另一个不太臃肿的解决方案是将函数放在元组中。正如Bakuriu所提到的，您可能希望使枚举可调用。

from enum import Enum

def functionA():
    pass

def functionB():
    pass

class AvailableFunctions(Enum):
    OptionA = (functionA,)
    OptionB = (functionB,)

    def __call__(self, *args, **kwargs):
        self.value[0](*args, **kwargs)

现在您可以像这样使用它：

AvailableFunctions.OptionA() # calls functionA

除了 Bakuriu 的回答之外，如果您使用类似上面的包装器方法，您将失去有关原始函数的信息，例如 __name__，__repr__ 等等。在包装后，这会导致问题，例如如果您想要使用sphinx来生成源代码文档。

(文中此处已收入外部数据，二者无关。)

(* Let $G$ be an additive group and let $(X,\rho)$ be the $\mathbb R$-tree described below. Then every point of $X$ is a point of valency $|G|+1$, i.e. for every $x\in X$ the set $X\setminus\{x\}$ has exactly $|G|+1$ connected components.
   Context: A function on an interval $(\alpha,\beta)$ is piecewise constant from the left if for every $x$ there is $\varepsilon>0$ with $f$ constant on $[x-\varepsilon,x]$. $X$ is the set of pairs $(f,a_f)$, $a_f>0$ real, $f:(a_f,+\infty)\to G$ piecewise constant from the left with $f|_{(b_f,+\infty)}\equiv0$ for some $b_f\ge a_f$. Order: $(f,a_f)\preceq(g,a_g)$ iff $a_f\le a_g$ and $f|_{(a_g,+\infty)}=g$; any two elements $p,q$ have a supremum $p\vee q$. Metric: $\rho((f,a_f),(g,a_g))=|a_f-a_g|$ if the pairs are comparable, and $\rho(p,q)=\rho(p,p\vee q)+\rho(p\vee q,q)$ otherwise. $|G|$ is the cardinality of $G$. *)

theory Defs
  imports "HOL-Analysis.Analysis" "HOL-Library.Equipollence"
begin

text \<open>A point (f, a_f) is represented as a pair (f, a) with f :: real => 'g;
  the values of f outside the domain (a, +infinity) are normalised to 0,
  so that each point of the paper corresponds to exactly one pair.\<close>

definition pc_left :: "real \<Rightarrow> (real \<Rightarrow> 'g) \<Rightarrow> bool" where
  "pc_left a f \<longleftrightarrow> (\<forall>x>a. \<exists>\<epsilon>>0. x - \<epsilon> > a \<and> (\<forall>y\<in>{x-\<epsilon>..x}. f y = f x))"

definition Xspace :: "((real \<Rightarrow> 'g::zero) \<times> real) set" where
  "Xspace = {(f, a). a > 0 \<and> (\<forall>x. x \<le> a \<longrightarrow> f x = 0) \<and> pc_left a f
              \<and> (\<exists>b\<ge>a. \<forall>x>b. f x = 0)}"

definition tle :: "((real \<Rightarrow> 'g::zero) \<times> real) \<Rightarrow> ((real \<Rightarrow> 'g) \<times> real) \<Rightarrow> bool" where
  "tle p q \<longleftrightarrow> snd p \<le> snd q \<and> (\<forall>x>snd q. fst p x = fst q x)"

definition tjoin :: "((real \<Rightarrow> 'g::zero) \<times> real) \<Rightarrow> ((real \<Rightarrow> 'g) \<times> real) \<Rightarrow> ((real \<Rightarrow> 'g) \<times> real)" where
  "tjoin p q = (THE s. s \<in> Xspace \<and> tle p s \<and> tle q s \<and>
                   (\<forall>t\<in>Xspace. tle p t \<and> tle q t \<longrightarrow> tle s t))"

definition trho :: "((real \<Rightarrow> 'g::zero) \<times> real) \<Rightarrow> ((real \<Rightarrow> 'g) \<times> real) \<Rightarrow> real" where
  "trho p q = (if tle p q \<or> tle q p then \<bar>snd p - snd q\<bar>
               else \<bar>snd p - snd (tjoin p q)\<bar> + \<bar>snd (tjoin p q) - snd q\<bar>)"

definition Xtop :: "((real \<Rightarrow> 'g::zero) \<times> real) topology" where
  "Xtop = Metric_space.mtopology Xspace trho"

end

theory Submission
  imports Defs
begin

text \<open>Write \<open>a\<^sub>p\<close> for the level \<open>snd p\<close>. The join \<open>p \<or> q\<close> exists: it is the truncation of \<open>p\<close> at the
  infimum of the levels above which \<open>p\<close> and \<open>q\<close> agree. Then \<open>\<rho>(p,q) = 2 a\<^sub>p\<^sub>\<or>\<^sub>q - a\<^sub>p - a\<^sub>q\<close>, and the
  truncations \<open>t \<mapsto> f|\<^bsub>(t,\<infinity>)\<^esub>\<close> of a point are isometric rays, so any two points are joined by the
  connected arc running up to their join. Removing \<open>x\<close> leaves the points not below \<open>x\<close>, an upward closed
  and hence connected open set, and for every \<open>g \<in> G\<close> the points strictly below \<open>x\<close> with value \<open>g\<close> at
  level \<open>a\<^sub>x\<close>. Two points of the latter kind are constant equal to \<open>g\<close> on a common interval to the left
  of \<open>a\<^sub>x\<close>, so their join lies strictly below \<open>x\<close> and the arc between them avoids \<open>x\<close>.
  Openness of all these sets follows from the distance formula. The resulting \<open>|G| + 1\<close> nonempty
  sets partition \<open>X - {x}\<close>, so they are its components.\<close>

lemma connected_components_of_subtopology_eq_partition:
  assumes conn: "\<And>C. C \<in> F \<Longrightarrow> connectedin X C" and opn: "\<And>C. C \<in> F \<Longrightarrow> openin X C"
    and cover: "\<Union>F = S" and nonempty: "{} \<notin> F" and disjoint: "pairwise disjnt F"
  shows "connected_components_of (subtopology X S) = F"
proof -
  let ?Y = "subtopology X S"
  have "S \<subseteq> topspace X"
    using cover opn openin_subset by blast
  then have topspace_Y: "topspace ?Y = S" by auto
  have open_Y: "openin ?Y C" if "C \<in> F" for C
  proof -
    have "C = C \<inter> S" using that cover by blast
    with opn[OF that] show ?thesis unfolding openin_subtopology by blast
  qed
  have closed_Y: "closedin ?Y C" if "C \<in> F" for C
  proof -
    have "topspace ?Y - C = \<Union>(F - {C})"
      using that cover disjoint topspace_Y by (auto simp: pairwise_def disjnt_def)
    moreover have "openin ?Y (\<Union>(F - {C}))"
      using open_Y by blast
    moreover have "C \<subseteq> topspace ?Y" using that cover topspace_Y by blast
    ultimately show ?thesis by (simp add: closedin_def)
  qed
  have component: "connected_component_of_set ?Y z = C" if "C \<in> F" "z \<in> C" for C z
  proof
    have "connectedin ?Y C"
      using that conn cover by (auto simp: connectedin_subtopology)
    then show "C \<subseteq> connected_component_of_set ?Y z"
      using that(2) by (rule connected_component_of_maximal)
    have "z \<in> topspace ?Y" using that cover topspace_Y by blast
    then have "z \<in> connected_component_of_set ?Y z"
      by (simp add: connected_component_of_refl)
    then show "connected_component_of_set ?Y z \<subseteq> C"
      using connectedin_clopen_cases[OF connectedin_connected_component_of closed_Y open_Y] that
      by (auto simp: disjnt_def)
  qed
  show ?thesis
    unfolding connected_components_of_def topspace_Y
  proof
    show "connected_component_of_set ?Y ` S \<subseteq> F"
      using component cover by blast
    show "F \<subseteq> connected_component_of_set ?Y ` S"
    proof
      fix C assume "C \<in> F"
      moreover obtain z where "z \<in> C" using \<open>C \<in> F\<close> nonempty by fastforce
      ultimately show "C \<in> connected_component_of_set ?Y ` S"
        using component cover by blast
    qed
  qed
qed

lemma insert_range_eqpoll_option:
  fixes f :: "'b \<Rightarrow> 'a"
  assumes "inj f" "a \<notin> range f"
  shows "insert a (range f) \<approx> (UNIV :: 'b option set)"
proof -
  have "range f \<approx> (UNIV :: 'b set)"
    using assms(1) by (rule inj_on_image_eqpoll_self)
  moreover have "range (Some :: 'b \<Rightarrow> 'b option) \<approx> (UNIV :: 'b set)"
    by (rule inj_on_image_eqpoll_self) simp
  ultimately have "range f \<approx> range (Some :: 'b \<Rightarrow> 'b option)"
    using eqpoll_sym eqpoll_trans by blast
  then have "insert a (range f) \<approx> insert None (range (Some :: 'b \<Rightarrow> 'b option))"
    by (rule insert_eqpoll_cong) (use assms(2) in auto)
  then show ?thesis by (simp add: UNIV_option_conv)
qed

lemma mem_Xspace_iff:
  "p \<in> Xspace \<longleftrightarrow> snd p > 0 \<and> (\<forall>y\<le>snd p. fst p y = 0) \<and> pc_left (snd p) (fst p)
     \<and> (\<exists>b\<ge>snd p. \<forall>y>b. fst p y = 0)"
  by (cases p) (simp add: Xspace_def)

lemma pc_left_cong:
  assumes "pc_left a f" and "\<And>y. y > a \<Longrightarrow> f y = g y"
  shows "pc_left a g"
  unfolding pc_left_def
proof (intro allI impI)
  fix x assume "x > a"
  then obtain e where e: "e > 0" "x - e > a" "\<forall>y\<in>{x-e..x}. f y = f x"
    using assms(1) unfolding pc_left_def by blast
  have "g y = g x" if "y \<in> {x-e..x}" for y
    using that e assms(2)[of y] assms(2)[of x] \<open>x > a\<close> by simp
  with e show "\<exists>e>0. x - e > a \<and> (\<forall>y\<in>{x-e..x}. g y = g x)" by blast
qed

lemma pc_left_mono:
  assumes "pc_left a f" and "a \<le> b"
  shows "pc_left b f"
  unfolding pc_left_def
proof (intro allI impI)
  fix x assume "x > b"
  then obtain e where e: "e > 0" "\<forall>y\<in>{x-e..x}. f y = f x"
    using assms unfolding pc_left_def by (meson order.strict_trans1)
  define e' where "e' = min e ((x - b) / 2)"
  have "e' > 0" using e(1) \<open>x > b\<close> by (simp add: e'_def)
  have "e' \<le> e" "e' \<le> (x - b) / 2"
    unfolding e'_def by (rule min.cobounded1, rule min.cobounded2)
  then have "x - e' > b" "{x-e'..x} \<subseteq> {x-e..x}"
    using \<open>x > b\<close> by auto
  with \<open>e' > 0\<close> e(2) show "\<exists>e>0. x - e > b \<and> (\<forall>y\<in>{x-e..x}. f y = f x)" by blast
qed
lemma quadratic_mean_between:
  fixes u x :: "'a \<Rightarrow> real"
  assumes u: "\<forall>y\<in>S. 0 \<le> u y" "sum u S = 1"
    and "0 \<le> lo" and x: "\<forall>y\<in>S. lo \<le> x y \<and> x y \<le> hi"
  shows "lo \<le> sqrt (\<Sum>y\<in>S. u y * (x y)\<^sup>2) \<and> sqrt (\<Sum>y\<in>S. u y * (x y)\<^sup>2) \<le> hi"
proof -
  have "S \<noteq> {}" using u(2) by auto
  then have "0 \<le> hi" using x \<open>0 \<le> lo\<close> by force
  have "lo\<^sup>2 = (\<Sum>y\<in>S. u y * lo\<^sup>2)" using u(2) by (simp add: sum_distrib_right[symmetric])
  also have "\<dots> \<le> (\<Sum>y\<in>S. u y * (x y)\<^sup>2)"
    using u(1) x \<open>0 \<le> lo\<close> by (intro sum_mono mult_left_mono power_mono) auto
  finally have "lo \<le> sqrt (\<Sum>y\<in>S. u y * (x y)\<^sup>2)" by (rule real_le_rsqrt)
  have "(\<Sum>y\<in>S. u y * (x y)\<^sup>2) \<le> (\<Sum>y\<in>S. u y * hi\<^sup>2)"
    using u(1) x \<open>0 \<le> lo\<close> by (intro sum_mono mult_left_mono power_mono) auto
  also have "\<dots> = hi\<^sup>2" using u(2) by (simp add: sum_distrib_right[symmetric])
  finally have "sqrt (\<Sum>y\<in>S. u y * (x y)\<^sup>2) \<le> hi"
    using \<open>0 \<le> hi\<close> real_sqrt_le_mono by fastforce
  with \<open>lo \<le> _\<close> show ?thesis by blast
qed

lemma weighted_sum_flows:
  fixes u a c t :: "'a \<Rightarrow> real"
  shows "(\<Sum>y\<in>S. u y * flow_from g b (a y) (c y) (t y))
           = g * (\<Sum>y\<in>S. u y * (a y)\<^sup>2) + b * (\<Sum>y\<in>S. u y * a y * c y * sin (t y))
             - g * (\<Sum>y\<in>S. u y * a y * c y * cos (t y))" (is ?from)
    and "(\<Sum>y\<in>S. u y * flow_to g b (a y) (c y) (t y))
           = g * (\<Sum>y\<in>S. u y * (c y)\<^sup>2) - b * (\<Sum>y\<in>S. u y * a y * c y * sin (t y))
             - g * (\<Sum>y\<in>S. u y * a y * c y * cos (t y))" (is ?to)
proof -
  have "u y * flow_from g b (a y) (c y) (t y) = g * (u y * (a y)\<^sup>2)
          + b * (u y * a y * c y * sin (t y)) - g * (u y * a y * c y * cos (t y))"
    and "u y * flow_to g b (a y) (c y) (t y) = g * (u y * (c y)\<^sup>2)
          - b * (u y * a y * c y * sin (t y)) - g * (u y * a y * c y * cos (t y))" for y
    unfolding flow_from_def flow_to_def by (simp_all add: algebra_simps)
  then show ?from ?to
    by (simp_all add: sum_subtractf sum.distrib sum_distrib_left)
qed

因此，请将以下内容添加到您的包装器类中。

class wrapper:
    def __init__(self, function):
        self.function = function
        functools.update_wrapper(self, function)
    def __call__(self,*args, **kwargs):
        return self.function(*args, **kwargs)
    def __repr__(self):
        return self.function.__repr__()

在@bakuriu的方法基础上，我想强调我们也可以使用多个函数作为值的字典，并且实现更广泛的多态性，类似于Java中的枚举。以下是一个虚构的示例，以说明我的意思：

from enum import Enum, unique

@unique
class MyEnum(Enum):
    test = {'execute': lambda o: o.test()}
    prod = {'execute': lambda o: o.prod()}

    def __getattr__(self, name):
        if name in self.__dict__:
            return self.__dict__[name]
        elif not name.startswith("_"):
            value = self.__dict__['_value_']
            return value[name]
        raise AttributeError(name)

class Executor:
    def __init__(self, mode: MyEnum):
        self.mode = mode

    def test(self):
        print('test run')

    def prod(self):
        print('prod run')

    def execute(self):
        self.mode.execute(self)

Executor(MyEnum.test).execute()
Executor(MyEnum.prod).execute()

显然，当只有一个函数时，字典方法并不提供额外的好处，因此在存在多个函数时使用此方法。确保所有值的键都是统一的，否则使用就不会具有多态性。 __getattr__ 方法是可选的，它只是为了语法糖（即，如果没有它，mode.execute() 将变成 mode.value['execute']()。
由于字典不能被设置为只读，因此使用 namedtuple 将更好，并且对上述内容只需要进行微小的更改。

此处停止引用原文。